■ **EXERCISE INSTRUCTIONS**: Begin at the line containing "1) \<and> A" in the entries below and end at the line containing "using assms(1) by (simp add: gap_def)"; transcribe that range exactly and nothing outside it.

(Stored dataset items)
lemma isolated_exists: "\<exists>j. C j \<and> \<not> C (j - 1) \<and> \<not> C (j + 1)"
proof (rule ccontr)
  assume "\<nexists>j. C j \<and> \<not> C (j - 1) \<and> \<not> C (j + 1)"
  then have "of_bool (C j) \<le> of_bool (C j) * (of_bool (C (j - 1)) + of_bool (C (j + 1)) :: int)" for j
    by (cases "C j"; cases "C (j - 1)"; cases "C (j + 1)") auto
  then have "row_sum n C \<le> 2 * adjacent_pairs"
    unfolding row_sum_def sum_C_neighbours[symmetric] by (intro sum_mono)
  then show False
    using row_sums(2) adjacent_pairs_eq by simp
qed

lemma isolated_B_D: "C j \<Longrightarrow> \<not> C (j - 1) \<Longrightarrow> \<not> C (j + 1) \<Longrightarrow> B j \<and> D j"
  using degree_C_eq[of j] by (cases "B j"; cases "D j") auto

lemma isolated_at_end:
  assumes "C j" "\<not> C (j - 1)" "\<not> C (j + 1)"
  shows "j = 1 \<or> j = n"
proof (rule ccontr)
  assume "\<not> (j = 1 \<or> j = n)"
  then have "2 \<le> j" "j + 1 \<le> n"
    using assms(1) framed(2) by (auto simp: framed_def)
  then have "B (j - 1)" "B (j + 1)"
    using gap_imp_B_D[of "j - 1"] gap_imp_B_D[of "j + 1"] assms by auto
  moreover have "B j"
    using isolated_B_D assms by blast
  ultimately show False
    using degree_B[of j] assms(1) by simp
qed

lemma B_or_D_beside_gap:
  assumes "C f" "\<not> C g" "C h" "{f - 1, f + 1} = {g, h}"
  shows "B f \<or> D f"
proof -
  have "of_bool (C (f - 1)) + of_bool (C (f + 1)) = (1::int)"
    using assms(2-4) by (auto simp: doubleton_eq_iff)
  then show ?thesis
    using degree_C_eq[OF assms(1)] by (cases "B f"; cases "D f") auto
qed

lemma flanked_gap_exists:
  assumes "1 \<le> k"
  shows "\<exists>g. 1 \<le> g \<and> g \<le> n \<and> \<not> C g \<and> (B (g - 1) \<and> B (g + 1) \<or> D (g - 1) \<and> D (g + 1))"
proof -
  have n: "4 \<le> n" using assms width by simp
  obtain e where e: "C e" "\<not> C (e - 1)" "\<not> C (e + 1)"
    using isolated_exists by blast
  then have "B e \<and> D e" using isolated_B_D by blast
  from isolated_at_end[OF e] show ?thesis
  proof
    assume "e = 1"
    then have "\<not> C 2" using e(3) by (simp add: numeral_2_eq_2)
    moreover have "C 3" using no_adjacent_gaps[of 2] \<open>\<not> C 2\<close> n by simp
    moreover have "C 4" using isolated_at_end[of 3] \<open>\<not> C 2\<close> \<open>C 3\<close> n by fastforce
    ultimately have "B 3 \<or> D 3" using B_or_D_beside_gap[of 3 2 4] by simp
    then show ?thesis using \<open>B e \<and> D e\<close> \<open>e = 1\<close> \<open>\<not> C 2\<close> n
      by (intro exI[of _ 2]) auto
  next
    assume "e = n"
    then have "\<not> C (n - 1)" using e(2) by simp
    moreover have "C (n - 2)"
      using no_adjacent_gaps[of "n - 2"] \<open>\<not> C (n - 1)\<close> n by (simp add: Suc_diff_Suc numeral_2_eq_2)
    moreover have "C (n - 3)"
    proof (rule ccontr)
      assume "\<not> C (n - 3)"
      moreover have "n - 2 - 1 = n - 3" "n - 2 + 1 = n - 1" using n by auto
      ultimately show False
        using isolated_at_end[of "n - 2"] \<open>\<not> C (n - 1)\<close> \<open>C (n - 2)\<close> n by auto
    qed
    moreover have "{n - 2 - 1, n - 2 + 1} = {n - 1, n - 3}" using n by auto
    ultimately have "B (n - 2) \<or> D (n - 2)"
      using B_or_D_beside_gap[of "n - 2" "n - 1" "n - 3"] by blast
    moreover have "n - 1 - 1 = n - 2" "n - 1 + 1 = n" using n by auto
    ultimately show ?thesis using \<open>B e \<and> D e\<close> \<open>e = n\<close> \<open>\<not> C (n - 1)\<close> n
      by (intro exI[of _ "n - 1"]) auto
  qed
qed

end

locale outer_rows =
  fixes n :: nat and A B C :: "nat \<Rightarrow> bool"
  assumes framed: "framed n A" "framed n C"
    and degree_A: "A j \<Longrightarrow> of_bool (B j) + of_bool (A (j - 1)) + of_bool (A (j + 1)) \<le> (2::int)"
    and degree_B: "B j \<Longrightarrow>
      of_bool (A j) + of_bool (C j) + of_bool (B (j - 1)) + of_bool (B (j + 1)) \<le> (2::int)"
    and gap_imp_B: "1 \<le> j \<Longrightarrow> j \<le> n \<Longrightarrow> \<not> C j \<Longrightarrow> B j"
    and no_adjacent_gaps: "j \<le> n \<Longrightarrow> C j \<or> C (Suc j)"
    and isolated_at_end: "C j \<Longrightarrow> \<not> C (j - 1) \<Longrightarrow> \<not> C (j + 1) \<Longrightarrow> j = 1 \<or> j = n"
begin

definition gap :: "nat \<Rightarrow> bool" where
  "gap j \<longleftrightarrow> 1 \<le> j \<and> j \<le> n \<and> \<not> C j"

definition surplus :: "nat \<Rightarrow> int" where
  "surplus j = of_bool (A j) - of_bool (C j)"

text \<open>A gap j collects the surplus of its neighbours j - 1 and j + 1 (never gaps themselves),
  plus 2 if both are covered by B; every other column keeps its own surplus. The transfers cancel
  in the total, while each charge is non-positive by the degree bounds.\<close>

definition charge :: "nat \<Rightarrow> int" where
  "charge j = of_bool (gap j) * (2 * of_bool (B (j - 1) \<and> B (j + 1)) + surplus (j - 1) + surplus (j + 1))
     + surplus j * (1 - of_bool (gap (j - 1)) - of_bool (gap (j + 1)))"

lemma gap_neighbourhood:
  assumes "gap j"
  shows "2 \<le> j" "j + 1 \<le> n" "C (j - 1)" "C (j + 1)" "B j"
proof -
  have "C 1" "C n"
    using no_adjacent_gaps[of 0] no_adjacent_gaps[of n] framed(2) by (auto simp: framed_def)
  then have "j \<noteq> 1" "j \<noteq> n"
    using assms by (auto simp: gap_def)
  then show "2 \<le> j" "j + 1 \<le> n"
    using assms by (auto simp: gap_def)
  then show "C (j - 1)" "C (j + 1)"
    using no_adjacent_gaps[of "j - 1"] no_adjacent_gaps[of j] assms by (auto simp: gap_def)
  show "B j"
    using gap_imp_B assms by (simp add: gap_def)
qed

lemma surplus_nonpos: "\<not> gap j \<Longrightarrow> surplus j \<le> 0"
  using framed(1) by (auto simp: gap_def surplus_def framed_def)

lemma charge_nonpos: "charge j \<le> 0"
proof (cases "gap j")
  case True
  note nb = gap_neighbourhood[OF True]
  have "\<not> gap (j - 1)" "\<not> gap (j + 1)" "\<not> C j"
    using nb True by (auto simp: gap_def)
  moreover have "B (j - 1) \<Longrightarrow> \<not> A (j - 1)"
    using degree_B[of "j - 1"] nb by (auto simp: of_bool_def split: if_splits)
  moreover have "B (j + 1) \<Longrightarrow> \<not> A (j + 1)"
    using degree_B[of "j + 1"] nb by (auto simp: of_bool_def split: if_splits)
  moreover have "B (j - 1) \<Longrightarrow> B (j + 1) \<Longrightarrow> \<not> A j"
    using degree_B[of j] nb by (auto simp: of_bool_def split: if_splits)
  moreover have "A j \<Longrightarrow> \<not> (A (j - 1) \<and> A (j + 1))"
    using degree_A[of j] nb by auto
  ultimately show ?thesis
    using True nb unfolding charge_def surplus_def
    by (cases "A (j - 1)"; cases "A j"; cases "A (j + 1)"; cases "B (j - 1)"; cases "B (j + 1)") auto
next
  case False
  have "\<not> (gap (j - 1) \<and> gap (j + 1))"
  proof
    assume "gap (j - 1) \<and> gap (j + 1)"
    then have "1 < j" "j < n" "C j" "\<not> C (j - 1)" "\<not> C (j + 1)"
      using False by (auto simp: gap_def)
    then show False using isolated_at_end by fastforce
  qed
  then show ?thesis
    using False surplus_nonpos[OF False] unfolding charge_def
    by (auto simp: mult_nonpos_nonneg)
qed

lemma sum_charge:
  "(\<Sum>j\<le>Suc n. charge j)
     = 2 * (\<Sum>j\<le>Suc n. of_bool (gap j \<and> B (j - 1) \<and> B (j + 1))) + row_sum n A - row_sum n C"
proof -
  let ?g = "\<lambda>j. of_bool (gap j) :: int"
  have ends: "?g 0 = 0" "?g (Suc n) = 0" "surplus 0 = 0" "surplus (Suc n) = 0"
    using framed by (auto simp: gap_def surplus_def framed_def)
  have "(\<Sum>j\<le>Suc n. ?g j * surplus (j - 1)) = (\<Sum>j\<le>Suc n. surplus j * ?g (j + 1))"
    using sum_shift_mult[of ?g surplus n] ends by (simp add: mult.commute)
  moreover have "(\<Sum>j\<le>Suc n. ?g j * surplus (j + 1)) = (\<Sum>j\<le>Suc n. surplus j * ?g (j - 1))"
    using sum_shift_mult[of surplus ?g n] ends by (simp add: mult.commute)
  moreover have "(\<Sum>j\<le>Suc n. surplus j) = row_sum n A - row_sum n C"
    by (simp add: surplus_def row_sum_def sum_subtractf del: sum.atMost_Suc)
  ultimately show ?thesis
    unfolding charge_def
    by (simp add: sum.distrib sum_subtractf sum_distrib_left algebra_simps of_bool_conj
        del: sum.atMost_Suc sum_mult_of_bool_eq sum_of_bool_mult_eq)
qed

lemma row_sum_deficit:
  assumes "gap g" "B (g - 1)" "B (g + 1)"
  shows "row_sum n A \<le> row_sum n C - 2"
proof -
  have "g \<in> {..Suc n}"
    using assms(1) by (simp add: gap_def)
  then have "1 \<le> (\<Sum>j\<le>Suc n. of_bool (gap j \<and> B (j - 1) \<and> B (j + 1)) :: int)"
    using assms member_le_sum[of g "{..Suc n}" "\<lambda>j. of_bool (gap j \<and> B (j - 1) \<and> B (j + 1)) :: int"]
    by (simp del: sum.atMost_Suc)
  moreover have "(\<Sum>j\<le>Suc n. charge j) \<le> 0"
    using charge_nonpos by (simp add: sum_nonpos del: sum.atMost_Suc)
  ultimately show ?thesis
    using sum_charge by linarith
qed

end

context middle_rows
begin

lemma outer_row_bound:
  assumes "framed n A"
    and "\<And>j. A j \<Longrightarrow> of_bool (B j) + of_bool (A (j - 1)) + of_bool (A (j + 1)) \<le> (2::int)"
    and "\<And>j. B j \<Longrightarrow>
      of_bool (A j) + of_bool (C j) + of_bool (B (j - 1)) + of_bool (B (j + 1)) \<le> (2::int)"
    and "1 \<le> g" "g \<le> n" "\<not> C g" "B (g - 1)" "B (g + 1)"
  shows "row_sum n A \<le> 2 * int k - 1"
proof -
  interpret outer: outer_rows n A B C
    using assms(1-3) framed(2) gap_imp_B_D no_adjacent_gaps isolated_at_end by unfold_locales auto
  show ?thesis
    using outer.row_sum_deficit[of g] assms(4-) row_sums(2) by (simp add: outer.gap_def)
qed

end

lemma row_excess_le_neg_five_thirds:
  assumes "int (row_count (3 * k + 1) W i) \<le> 2 * int k - 1"
  shows "row_excess (3 * k + 1) W i \<le> -5/3"
proof -
  have "real (row_count (3 * k + 1) W i) \<le> 2 * real k - 1"
    using assms by linarith
  then show ?thesis
    by (simp add: row_excess_def field_simps)
qed

lemma W2_five_row_degrees:
  assumes "W \<in> W2 5 w"
  defines "R \<equiv> grid_row w W"
  shows "R 1 j \<Longrightarrow> of_bool (R 2 j) + of_bool (R 1 (j - 1)) + of_bool (R 1 (j + 1)) \<le> (2::int)"
    and "R 2 j \<Longrightarrow>
      of_bool (R 1 j) + of_bool (R 3 j) + of_bool (R 2 (j - 1)) + of_bool (R 2 (j + 1)) \<le> (2::int)"
    and "R 3 j \<Longrightarrow>
      of_bool (R 2 j) + of_bool (R 4 j) + of_bool (R 3 (j - 1)) + of_bool (R 3 (j + 1)) \<le> (2::int)"
    and "R 4 j \<Longrightarrow>
      of_bool (R 5 j) + of_bool (R 3 j) + of_bool (R 4 (j - 1)) + of_bool (R 4 (j + 1)) \<le> (2::int)"
    and "R 5 j \<Longrightarrow> of_bool (R 4 j) + of_bool (R 5 (j - 1)) + of_bool (R 5 (j + 1)) \<le> (2::int)"
proof -
  have index_arith: "(1::nat) + 1 = 2" "(2::nat) - 1 = 1" "(2::nat) + 1 = 3" "(3::nat) - 1 = 2"
    "(3::nat) + 1 = 4" "(4::nat) - 1 = 3" "(4::nat) + 1 = 5" "(5::nat) - 1 = 4"
    by simp_all
  note degree = grid_row_degree[OF assms(1), of _ j, folded R_def]
  show "R 1 j \<Longrightarrow> of_bool (R 2 j) + of_bool (R 1 (j - 1)) + of_bool (R 1 (j + 1)) \<le> (2::int)"
    using degree[of 1] unfolding index_arith by simp
  show "R 2 j \<Longrightarrow>
      of_bool (R 1 j) + of_bool (R 3 j) + of_bool (R 2 (j - 1)) + of_bool (R 2 (j + 1)) \<le> (2::int)"
    using degree[of 2] unfolding index_arith by simp
  show "R 3 j \<Longrightarrow>
      of_bool (R 2 j) + of_bool (R 4 j) + of_bool (R 3 (j - 1)) + of_bool (R 3 (j + 1)) \<le> (2::int)"
    using degree[of 3] unfolding index_arith by simp
  show "R 4 j \<Longrightarrow>
      of_bool (R 5 j) + of_bool (R 3 j) + of_bool (R 4 (j - 1)) + of_bool (R 4 (j + 1)) \<le> (2::int)"
    using degree[of 4] unfolding index_arith by (simp add: ac_simps)
  show "R 5 j \<Longrightarrow> of_bool (R 4 j) + of_bool (R 5 (j - 1)) + of_bool (R 5 (j + 1)) \<le> (2::int)"
    using degree[of 5] unfolding index_arith by simp
qed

■ **OUTPUT BELOW**:
  moreover have "A j \<Longrightarrow> \<not> (A (j - 1) \<and> A (j + 1))"
    using degree_A[of j] nb by auto
  ultimately show ?thesis
    using True nb unfolding charge_def surplus_def
    by (cases "A (j - 1)"; cases "A j"; cases "A (j + 1)"; cases "B (j - 1)"; cases "B (j + 1)") auto
next
  case False
  have "\<not> (gap (j - 1) \<and> gap (j + 1))"
  proof
    assume "gap (j - 1) \<and> gap (j + 1)"
    then have "1 < j" "j < n" "C j" "\<not> C (j - 1)" "\<not> C (j + 1)"
      using False by (auto simp: gap_def)
    then show False using isolated_at_end by fastforce
  qed
  then show ?thesis
    using False surplus_nonpos[OF False] unfolding charge_def
    by (auto simp: mult_nonpos_nonneg)
qed

lemma sum_charge:
  "(\<Sum>j\<le>Suc n. charge j)
     = 2 * (\<Sum>j\<le>Suc n. of_bool (gap j \<and> B (j - 1) \<and> B (j + 1))) + row_sum n A - row_sum n C"
proof -
  let ?g = "\<lambda>j. of_bool (gap j) :: int"
  have ends: "?g 0 = 0" "?g (Suc n) = 0" "surplus 0 = 0" "surplus (Suc n) = 0"
    using framed by (auto simp: gap_def surplus_def framed_def)
  have "(\<Sum>j\<le>Suc n. ?g j * surplus (j - 1)) = (\<Sum>j\<le>Suc n. surplus j * ?g (j + 1))"
    using sum_shift_mult[of ?g surplus n] ends by (simp add: mult.commute)
  moreover have "(\<Sum>j\<le>Suc n. ?g j * surplus (j + 1)) = (\<Sum>j\<le>Suc n. surplus j * ?g (j - 1))"
    using sum_shift_mult[of surplus ?g n] ends by (simp add: mult.commute)
  moreover have "(\<Sum>j\<le>Suc n. surplus j) = row_sum n A - row_sum n C"
    by (simp add: surplus_def row_sum_def sum_subtractf del: sum.atMost_Suc)
  ultimately show ?thesis
    unfolding charge_def
    by (simp add: sum.distrib sum_subtractf sum_distrib_left algebra_simps of_bool_conj
        del: sum.atMost_Suc sum_mult_of_bool_eq sum_of_bool_mult_eq)
qed

lemma row_sum_deficit:
  assumes "gap g" "B (g - 1)" "B (g + 1)"
  shows "row_sum n A \<le> row_sum n C - 2"
proof -
  have "g \<in> {..Suc n}"
    using assms(1) by (simp add: gap_def)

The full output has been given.